They include things like listening to any Japanese 24/7, even while
sleeping...

Some of it is specific only to Japanese, but a lot of it is just incredibly
smart. AntiMoon.com is also another good resource. The core message is to
concentrate on input and understanding first...

The big businesses in this field: Rosetta Stone, Pimsleur, etc... they own
this field.. but in reality, they all suck (well Pimsleur is ok, I guess).
Their techniques is NOT how you learn languages if you want to be fluent.

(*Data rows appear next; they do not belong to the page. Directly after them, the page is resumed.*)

(* Let $\gamma:K^*\to K$ be a non-degenerate simplicial dynamical system on an everywhere $d$-dimensional polyhedron $X$ ($d\ge1$), with associated p.l. map $g$ on $X$. Let $J:{}^dK^*\to{}^dK$ be the inclusion map and $G^*=J^{-1}\circ\gamma$ the associated relation on ${}^dK^*$. Then $$H_\gamma=\{(\mathbf{s}^*,x)\in{}^dK^*_{G^*}\times X: g^i(x)\in s^*_i\text{ for all } i\in\mathbb{Z}_+\}$$ is (the graph of) an almost one-to-one continuous map from ${}^dK^*_{G^*}$ onto $X$ which satisfies $H_\gamma\circ S=g\circ H_\gamma$.
   Context: Simplicial complexes, subdivisions, proper subdivisions (no simplex of $K^*$ meets two disjoint simplices of $K$), simplicial maps and associated p.l. maps $g(x)=\sum_vb_v(x)\gamma(v)$ are as usual. A simplicial dynamical system is a simplicial map $\gamma:K^*\to K$ with $K^*$ a proper subdivision of $K$; it is non-degenerate if $\dim\gamma(s^* )=\dim s^*$ for every simplex $s^*$ of $K^*$. A polyhedron is everywhere $d$-dimensional if it is a union of $d$-dimensional closed simplices. ${}^dK$ and ${}^dK^*$ denote the sets of $d$-simplices of $K$ and $K^*$; $J(s^* )$ is the unique $d$-simplex of $K$ containing $s^*$, and $\gamma$ restricts to a map ${}^dK^*\to{}^dK$. $(s_1^*,s_2^* )\in G^*$ iff $s_2^*\subset\gamma(s_1^* )$. For a relation $G^*$ on the finite set ${}^dK^*$, ${}^dK^*_{G^*}=\{\mathbf{s}^*\in({}^dK^* )^{\mathbb{Z}_+}:(s^*_i,s^*_{i+1})\in G^*\ \forall i\}$ with the product topology and shift $S(\mathbf{s}^* )_i=s^*_{i+1}$. A continuous map $h$ is almost one-to-one if $\{y:h^{-1}(h(y))=\{y\}\}$ is dense in the domain. *)

theory Defs
  imports "HOL-Analysis.Analysis"
begin

text \<open>Simplices are represented by their (finite, affinely independent, nonempty)
vertex sets; the closed simplex is the convex hull of the vertex set.\<close>

definition simplicial_complex :: "'a::euclidean_space set set \<Rightarrow> bool" where
  "simplicial_complex K \<longleftrightarrow>
     finite K \<and>
     (\<forall>s\<in>K. finite s \<and> s \<noteq> {} \<and> \<not> affine_dependent s) \<and>
     (\<forall>s\<in>K. \<forall>t. t \<subseteq> s \<and> t \<noteq> {} \<longrightarrow> t \<in> K) \<and>
     (\<forall>s\<in>K. \<forall>t\<in>K. convex hull s \<inter> convex hull t = convex hull (s \<inter> t))"

definition vertices :: "'a set set \<Rightarrow> 'a set" where
  "vertices K = \<Union>K"

definition polyhedron :: "'a::euclidean_space set set \<Rightarrow> 'a set" where
  "polyhedron K = (\<Union>s\<in>K. convex hull s)"

definition dsimplices :: "nat \<Rightarrow> 'a set set \<Rightarrow> 'a set set" where
  "dsimplices d K = {s\<in>K. card s = d + 1}"

definition subdivision :: "'a::euclidean_space set set \<Rightarrow> 'a set set \<Rightarrow> bool" where
  "subdivision K' K \<longleftrightarrow> simplicial_complex K' \<and> simplicial_complex K \<and>
     polyhedron K' = polyhedron K \<and>
     (\<forall>s'\<in>K'. \<exists>s\<in>K. convex hull s' \<subseteq> convex hull s)"

definition proper_subdivision :: "'a::euclidean_space set set \<Rightarrow> 'a set set \<Rightarrow> bool" where
  "proper_subdivision K' K \<longleftrightarrow> subdivision K' K \<and>
     (\<forall>s'\<in>K'. \<not> (\<exists>s1\<in>K. \<exists>s2\<in>K. convex hull s1 \<inter> convex hull s2 = {} \<and>
                   convex hull s' \<inter> convex hull s1 \<noteq> {} \<and>
                   convex hull s' \<inter> convex hull s2 \<noteq> {}))"

definition simplicial_map :: "'a set set \<Rightarrow> 'a set set \<Rightarrow> ('a \<Rightarrow> 'a) \<Rightarrow> bool" where
  "simplicial_map K' K \<gamma> \<longleftrightarrow> (\<forall>s\<in>K'. \<gamma> ` s \<in> K)"

definition simplicial_dynamical_system ::
    "'a::euclidean_space set set \<Rightarrow> 'a set set \<Rightarrow> ('a \<Rightarrow> 'a) \<Rightarrow> bool" where
  "simplicial_dynamical_system K' K \<gamma> \<longleftrightarrow>
     proper_subdivision K' K \<and> simplicial_map K' K \<gamma>"

definition non_degenerate :: "'a set set \<Rightarrow> ('a \<Rightarrow> 'a) \<Rightarrow> bool" where
  "non_degenerate K' \<gamma> \<longleftrightarrow> (\<forall>s\<in>K'. card (\<gamma> ` s) = card s)"

text \<open>Barycentric coordinate of x with respect to vertex v of the complex K
(0 if no simplex containing v contains x).\<close>
definition bary :: "'a::euclidean_space set set \<Rightarrow> 'a \<Rightarrow> 'a \<Rightarrow> real" where
  "bary K v x =
     (if \<exists>s\<in>K. v \<in> s \<and> x \<in> convex hull s then
        (SOME t. \<exists>s\<in>K. v \<in> s \<and> (\<exists>u. (\<forall>w\<in>s. 0 \<le> u w) \<and> sum u s = 1 \<and>
                     (\<Sum>w\<in>s. u w *\<^sub>R w) = x \<and> u v = t))
      else 0)"

definition pl_map :: "'a::euclidean_space set set \<Rightarrow> ('a \<Rightarrow> 'a) \<Rightarrow> 'a \<Rightarrow> 'a" where
  "pl_map K' \<gamma> x = (\<Sum>v\<in>vertices K'. bary K' v x *\<^sub>R \<gamma> v)"

definition everywhere_dim :: "nat \<Rightarrow> 'a::euclidean_space set \<Rightarrow> bool" where
  "everywhere_dim d X \<longleftrightarrow> (\<exists>F. finite F \<and> (\<forall>T\<in>F. (int d) simplex T) \<and> X = \<Union>F)"

definition Grel :: "nat \<Rightarrow> 'a::euclidean_space set set \<Rightarrow> ('a \<Rightarrow> 'a) \<Rightarrow> ('a set \<times> 'a set) set" where
  "Grel d K' \<gamma> = {(s1, s2). s1 \<in> dsimplices d K' \<and> s2 \<in> dsimplices d K' \<and>
                    convex hull s2 \<subseteq> convex hull (\<gamma> ` s1)}"

definition shift_space :: "'b set \<Rightarrow> ('b \<times> 'b) set \<Rightarrow> (nat \<Rightarrow> 'b) set" where
  "shift_space A G = {s. (\<forall>i. s i \<in> A) \<and> (\<forall>i. (s i, s (Suc i)) \<in> G)}"

definition shift_top :: "'b set \<Rightarrow> ('b \<times> 'b) set \<Rightarrow> (nat \<Rightarrow> 'b) topology" where
  "shift_top A G = subtopology (product_topology (\<lambda>_. discrete_topology A) UNIV) (shift_space A G)"

definition shift :: "(nat \<Rightarrow> 'b) \<Rightarrow> (nat \<Rightarrow> 'b)" where
  "shift s = (\<lambda>i. s (Suc i))"

definition almost_one_to_one :: "'b topology \<Rightarrow> ('b \<Rightarrow> 'c) \<Rightarrow> bool" where
  "almost_one_to_one T h \<longleftrightarrow>
     T closure_of {y\<in>topspace T. {z\<in>topspace T. h z = h y} = {y}} = topspace T"

end

theory Submission
  imports Defs
begin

And so many startups focus on connecting language learners through Skype or a
community. Sexy.. cool.. but NOT how you should learn languages if you want to
be fluent.

The way to learn is to be like a baby... just listen, listen, listen. Get used
to the flow. Get used to the accent. Get used to the nuances... it's ok if you
just do this for a month, 2 months or even 3... No stress to start speaking..
no fear of mistakes.... listen, and your brain will start making those
synapses and connections. People say babies learn languages faster than
adults.. that's total nonsense. It's because babies are learning 24/7 for 5
straight years before they start speaking a single word. If adults had the
time to do that, they'll freaking learn how to speak Japanese or Chinese as
well. Babies are NOT special.

How does this translate to a startup idea? No clue... ChinesePod.com does this
very well for Chinese, so you basically should start with a single language.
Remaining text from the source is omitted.